Акции Pussy Riot опасны для искусства, музеи не должны спрашивать у общества, что выставлять или приобретать, а молодые российские художники сегодня мыслят интернационально. Об этом «Известиям» рассказал один из ведущих концептуалистов, участник арт-группы «Коллективные действия» Игорь Макаревич. 30-летие совместной творческой деятельности со своей супругой Еленой Елагиной он отмечает сразу двумя экспозициями: реконструкцией в Центре Вознесенского «Закрытой рыбной выставки» (с нее в 1990 году и начался творческий тандем) и масштабной ретроспективой в Московском музее современного искусства (ММОМА).


— В какой степени вы были вовлечены в создание выставок, которые сейчас проходят в ММОМА и Центре Вознесенского?

— На 100% вовлечены, поскольку это итог почти всей нашей с Еленой Елагиной творческой деятельности. А реконструкция «Рыбной выставки» 1990 года сделана силами молодых художников. Таким образом возникает связь между искусством разных поколений, что довольно редко наблюдается в России. Нам очень интересно, как молодые авторы воспринимают проблемы, которые мы решали в 1990 году. Где, возможно, мы находимся с ними в творческом контакте, и этот опыт можно охарактеризовать только положительно.

— Чем их взгляд отличается от вашего?

— Мы делали реконструкцию состоявшейся в 1935 году небольшой выставки, которая была организована в Доме партактива в Астрахани, а затем в Политехническом музее в Москве. Мы тогда находились под влиянием тоталитарной идеологии, которая довлела над нами в течение почти всей нашей прежней жизни и была для нас травматическим явлением. Поэтому в объектах, которые мы воссоздавали, силен идеологический фактор, что полностью отсутствует в реконструкции 2020 года.

Еще важно отношение к материалу. Тогда у нас не было в распоряжении ни мастерских, ни блошиных рынков. Мы изыскивали какие-то предметы и доделывали своими руками. А нынешние молодые художники часто пользуются профессиональными услугами уже появившихся мастеров, компьютерной техникой, массой новейших достижений технического прогресса. В этом большая разница между нами.

Когда нашу первую выставку увидела профессор Шведской академии художеств, она воскликнула: «А где мастерская, в которой вы сделали столько объектов?» Это нас страшно рассмешило. А вот сейчас закономерно такой вопрос задать, потому что многие объекты молодые художники сделали на профессиональном уровне и они уже стоят каких-то денег.

— Это хорошо или плохо, что сейчас стало именно так?

— Наверное, хорошо, потому что тут есть отстраненность. Если нашу выставку 1990 года отнести к концептуализму, то реконструкция 2020-го — это постконцептуализм. Возникла необходимая дистанция между автором и предметом искусства, что для этого явления очень важно.

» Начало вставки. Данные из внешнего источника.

lemma dsafa_lang_star_witness: "dsafa_lang {0, 1, 2} star_witness"
proof (rule dsafa_langI)
  show "safa_wf {0, 1, 2} star_witness_safa"
    by (simp add: safa_wf_def star_witness_safa_def)
  show "safa_det star_witness_safa"
    by (rule safa_detI) (simp add: star_witness_safa_def)
  show "star_witness \<subseteq> words {0, 1, 2}"
    by (auto simp: star_witness_def words_def)
  show "accepts star_witness_safa (init star_witness_safa, \<lambda>_. {}) w \<longleftrightarrow> w \<in> star_witness" for w :: "(nat \<times> 'd) list"
    by (cases w rule: pair_list_cases9;
        (simp add: accepts_Cons_Bex star_witness_safa_def star_witness_def del: accepts_Cons)?; blast?)
qed

definition hom_witness :: "(nat \<times> 'd) list set" where
  "hom_witness = {[(1, a), (0, b), (0, a)] | a b. True} \<union> {[(0, a), (1, b), (0, b)] | a b. True}
     \<union> {[(0, a), (1, b), (0, c), (0, b)] | a b c. True}"

definition hom_witness_safa :: safa where
  "hom_witness_safa = \<lparr>states = {0, 1, 2, 3, 4, 5, 6, 7, 8}, init = 0, finals = {3, 6, 8}, nsets = 1,
     trans = {(0, 1, NP 0, Ins 0, 1), (1, 0, P 0, NoOp, 2), (1, 0, NP 0, NoOp, 2), (2, 0, P 0, NoOp, 3),
       (0, 0, NP 0, NoOp, 4), (4, 1, NP 0, Ins 0, 5), (5, 0, P 0, NoOp, 6), (5, 0, NP 0, NoOp, 7),
       (6, 0, P 0, NoOp, 8), (7, 0, P 0, NoOp, 8)}\<rparr>"

lemma dsafa_lang_hom_witness: "dsafa_lang {0, 1} hom_witness"
proof (rule dsafa_langI)
  show "safa_wf {0, 1} hom_witness_safa"
    by (simp add: safa_wf_def hom_witness_safa_def)
  show "safa_det hom_witness_safa"
    by (rule safa_detI) (simp add: hom_witness_safa_def)
  show "hom_witness \<subseteq> words {0, 1}"
    by (auto simp: hom_witness_def words_def)
  show "accepts hom_witness_safa (init hom_witness_safa, \<lambda>_. {}) w \<longleftrightarrow> w \<in> hom_witness" for w :: "(nat \<times> 'd) list"
    by (cases w rule: pair_list_cases9;
        (simp add: accepts_Cons_Bex hom_witness_safa_def hom_witness_def del: accepts_Cons)?; blast?)
qed

definition forget_letter :: "nat \<times> 'd \<Rightarrow> (nat \<times> 'd) list" where
  "forget_letter = (\<lambda>(a, d). [(0, d)])"

lemma is_hom_forget_letter: "is_hom {0, 1} forget_letter"
  by (simp add: is_hom_def forget_letter_def words_def)

definition invhom_witness :: "(nat \<times> 'd) list set" where
  "invhom_witness = {[(0, a), (0, b), (0, c), (0, d), (0, e), (0, g)] | a b c d e g. e = a \<or> e = c}
     \<union> {[(0, a), (0, b), (0, c), (0, d), (0, e), (0, g), (0, i), (0, j)] | a b c d e g i j. j = d}"

definition invhom_witness_safa :: safa where
  "invhom_witness_safa = \<lparr>states = {0, 1, 2, 3, 4, 5, 6, 7, 8, 9, 10}, init = 0, finals = {7, 10}, nsets = 3,
     trans = {(0, 0, NP 2, Ins 0, 1), (1, 0, NP 2, NoOp, 2), (2, 0, NP 2, Ins 0, 3), (3, 0, NP 2, Ins 1, 4),
       (4, 0, P 0, NoOp, 5), (4, 0, NP 0, NoOp, 6), (5, 0, NP 2, NoOp, 7), (6, 0, NP 2, NoOp, 8),
       (7, 0, NP 2, NoOp, 9), (8, 0, NP 2, NoOp, 9), (9, 0, P 1, NoOp, 10)}\<rparr>"

lemma dsafa_lang_invhom_witness: "dsafa_lang {0} invhom_witness"
proof (rule dsafa_langI)
  show "safa_wf {0} invhom_witness_safa"
    by (simp add: safa_wf_def invhom_witness_safa_def)
  show "safa_det invhom_witness_safa"
    by (rule safa_detI) (simp add: invhom_witness_safa_def)
  show "invhom_witness \<subseteq> words {0}"
    by (auto simp: invhom_witness_def words_def)
  show "accepts invhom_witness_safa (init invhom_witness_safa, \<lambda>_. {}) w \<longleftrightarrow> w \<in> invhom_witness" for w :: "(nat \<times> 'd) list"
    by (cases w rule: pair_list_cases9;
        (simp add: accepts_Cons_Bex invhom_witness_safa_def invhom_witness_def del: accepts_Cons)?; blast?)
qed

definition double_letter :: "nat \<times> 'd \<Rightarrow> (nat \<times> 'd) list" where
  "double_letter = (\<lambda>(a, d). [(0, d), (0, d)])"

lemma is_hom_double_letter: "is_hom {0} double_letter"
  by (simp add: is_hom_def double_letter_def words_def)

— Что вы понимаете под постконцептуализмом?

— Не только у нас, но и на Западе всё искусство, которое есть сейчас, в какой-то степени можно назвать постконцптуализмом. Раньше художник рисовал картину и вся ценность заключалась в ней самой. Сегодня он может просто осознать свой замысел и реализовать его с помощью компьютера или обратиться к техническому мастеру, и в зависимости от таланта и значения автора такое произведение может стоить достаточно больших денег. Цена определяется не бумагой и красками, которые наложены на нее, а тем, что есть за физическими рамками арт-объекта — например, как художник интеллектуально осмыслил свой жест, глубоко его обосновал. В этом огромная разница между традиционным искусством и искусством, которое теперь занимает доминирующее положение.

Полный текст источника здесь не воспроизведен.